Mai of the Kanem–Bornu Empire
- Reign: 18th century (12–23 years) c. 1717–1731
- Predecessor: Dunama VII Martemarambi
- Successor: Muhammad VIII Ergama
- Died: c. 1731 Ngazargamu, Bornu
- Spouse: Fanna
- Issue: Muhammad VIII Ergama Ali IV Kalirgima
- Dynasty: Sayfawa dynasty
- Father: Dunama VII Martemarambi

= Hamdan Dunamami =

al-Ḥājj Hamdan (Ḥamdūn bin Dunama), also recorded as Dunama, Muhammad, (Note: Barth, Palmer, and Urvoy record Hamdan as Haj Hamdun.

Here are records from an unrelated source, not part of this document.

(* For a subgradient \<xi> of \<phi> at x, convexity of f and of the gauge M_K give
   (a) r |\<xi>| \<le> f'(M_K x)   and   (b) f'(M_K x) \<le> R |\<xi>|.
   By (a) it suffices to show f'(M_K \<zeta>(t)) \<le> R C along the trajectory, and by (b) this
   holds at the initial datum.  If f' exceeds R C somewhere, let \<mu> be the last level
   below which f' \<le> R C; the sublevel set S = {M_K \<le> \<mu>} is closed and convex, and on
   the part of the trajectory outside S the inclusion \<alpha> \<zeta>' = g - \<xi> with |g| \<le> C
   forces \<zeta>' to point into S.  A general invariance principle for absolutely
   continuous curves then keeps \<zeta> inside S, which gives the bound. *)

section \<open>The gauge of a convex body\<close>

locale convex_body =
  fixes K :: "'a::euclidean_space set" and r R :: real
  assumes convex_K: "convex K" and r_pos: "0 < r"
    and inner_ball: "ball 0 r \<subseteq> K" and outer_ball: "K \<subseteq> cball 0 R"
begin

text \<open>The outer radius is positive because K contains a small ball.\<close>
lemma R_pos: "0 < R"
proof -
  obtain b :: 'a where b: "b \<in> Basis" using nonempty_Basis by blast
  have "(r/2) *\<^sub>R b \<in> K" using inner_ball r_pos b by auto
  hence "norm ((r/2) *\<^sub>R b) \<le> R" using outer_ball by auto
  thus ?thesis using r_pos b by simp
qed

lemma admissible_if_large:
  assumes "norm x / r < s" shows "0 < s" and "(1/s) *\<^sub>R x \<in> K"
proof -
  show s0: "0 < s" using assms r_pos by (smt (verit) divide_nonneg_pos norm_ge_zero)
  have "norm x < s * r" using assms r_pos by (simp add: pos_divide_less_eq mult.commute)
  hence "norm ((1/s) *\<^sub>R x) < r" using s0 by (simp add: divide_simps mult.commute)
  thus "(1/s) *\<^sub>R x \<in> K" using inner_ball by auto
qed

lemma norm_le_if_admissible:
  assumes "0 < s" "(1/s) *\<^sub>R x \<in> K" shows "norm x \<le> s * R"
proof -
  have "norm ((1/s) *\<^sub>R x) \<le> R" using assms outer_ball by auto
  thus ?thesis using assms by (simp add: divide_simps mult.commute)
qed

lemma admissible_nonempty: "{s. 0 < s \<and> (1/s) *\<^sub>R x \<in> K} \<noteq> {}"
  using admissible_if_large[of x "norm x / r + 1"] by auto

lemma minkowski_nonneg: "0 \<le> minkowski K x"
  unfolding minkowski_def by (rule cInf_greatest[OF admissible_nonempty]) auto
lemma admissible_constant_speed_reparametrisation:
  fixes u :: "real \<Rightarrow> 'a::euclidean_space" and V :: "'a \<Rightarrow> real"
  assumes V: "continuous_on \<Omega> V" and V_pos: "\<And>x. x \<in> \<Omega> \<Longrightarrow> 0 < V x"
    and u: "admissible \<Omega> p0 p1 u"
    and "negligible Z" and dot_u_nonzero: "\<And>t. t \<in> {0..1} - Z \<Longrightarrow> dot u t \<noteq> 0"
  obtains v c N where "admissible \<Omega> p0 p1 v" "reparam v u" "0 \<le> c" "negligible N"
    "\<And>t. t \<in> {0..1} - N \<Longrightarrow> norm (dot v t) = c * sqrt (V (v t))"
proof -
  obtain g Nu where g: "g absolutely_integrable_on {0..1}"
    and u_eq: "\<And>t. t \<in> {0..1} \<Longrightarrow> u t = p0 + integral {0..t} g"
    and "negligible Nu" and dot_u: "\<And>t. t \<in> {0..1} - Nu \<Longrightarrow> dot u t = g t"
    and u_cont: "continuous_on {0..1} u" and u_\<Omega>: "\<And>t. t \<in> {0..1} \<Longrightarrow> u t \<in> \<Omega>"
    and u1: "u 1 = p1"
    by (fact admissibleE[OF u])
  have Z: "negligible (Nu \<union> Z)"
    using \<open>negligible Nu\<close> \<open>negligible Z\<close> by simp
  have g_nonzero: "g t \<noteq> 0" if "t \<in> {0..1} - (Nu \<union> Z)" for t
    using dot_u[of t] dot_u_nonzero[of t] that by auto
  have V_cont: "continuous_on {0..1} (\<lambda>t. V (u t))"
    by (rule continuous_on_compose2[OF V u_cont]) (use u_\<Omega> in auto)
  have V_u_pos: "0 < V (u t)" if "t \<in> {0..1}" for t
    using V_pos[OF u_\<Omega>[OF that]] .
  show thesis
  proof (rule constant_speed_reparametrisation[OF g Z g_nonzero V_cont V_u_pos])
    fix \<phi> :: "real \<Rightarrow> real" and c :: real and w :: "real \<Rightarrow> 'a"
    assume \<phi>: "continuous_on {0..1} \<phi>" "strict_mono_on {0..1} \<phi>" "\<phi> 0 = 0" "\<phi> 1 = 1"
      and \<phi>_range: "\<And>t. t \<in> {0..1} \<Longrightarrow> \<phi> t \<in> {0..1}"
      and "0 < c" and w: "w integrable_on {0..1}" "(\<lambda>t. (norm (w t))\<^sup>2) integrable_on {0..1}"
      and w_int: "\<And>t. t \<in> {0..1} \<Longrightarrow> integral {0..t} w = integral {0..\<phi> t} g"
      and w_norm: "\<And>t. t \<in> {0..1} \<Longrightarrow> norm (w t) = c * sqrt (V (u (\<phi> t)))"
    obtain N where "admissible \<Omega> p0 p1 (\<lambda>t. u (\<phi> t))" "reparam (\<lambda>t. u (\<phi> t)) u" "negligible N"
      and dot_v: "\<And>t. t \<in> {0..1} - N \<Longrightarrow> dot (\<lambda>t. u (\<phi> t)) t = w t"
      using admissible_reparametrisation[OF u_eq u_\<Omega> u1 \<phi> \<phi>_range w w_int] by blast
    moreover have "norm (dot (\<lambda>t. u (\<phi> t)) t) = c * sqrt (V (u (\<phi> t)))" if "t \<in> {0..1} - N" for t
      using dot_v[OF that] w_norm that by simp
    ultimately show thesis
      using that[of "\<lambda>t. u (\<phi> t)" c N] \<open>0 < c\<close> by simp
  qed
qed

Landeroin records him as Dunama Hadji and (presumably mistakenly) inserts an additional Muhammad in the regnal list, hence this additional name. Nachtigal records Hamdan as Hadj Dunama.) and Haji, and nicknamed Dunamami (Note: "son of Dunama") and Lumlumma, (Note: "lord of Lumlum") was mai (ruler) of the Kanem–Bornu Empire in the first half of the 18th century, ruling approximately 1717–1731.

== Life ==
Hamdan was a son of mai Dunama VII Martemarambi, who he succeeded as mai in the first half of the 18th century. Little is recorded of Hamdan's reign. The German explorer Heinrich Barth, who visited Bornu in the 1850s, stated that Hamdan was "a pious and indolent king, who appears to have made a pilgrimage", hence the honorific al-Ḥājj. Although Hamdan's reign was remembered as one of peace and prosperity, he is known to have engaged in military campaigns against the Mandara Kingdom, located to the southwest of Bornu.

There is considerable variation in the regnal dates assigned to Hamdan; he may have ruled only for a few years or for over a decade, perhaps for over twenty years. He died at Ngazargamu and was succeeded as mai by his son Muhammad VIII Ergama.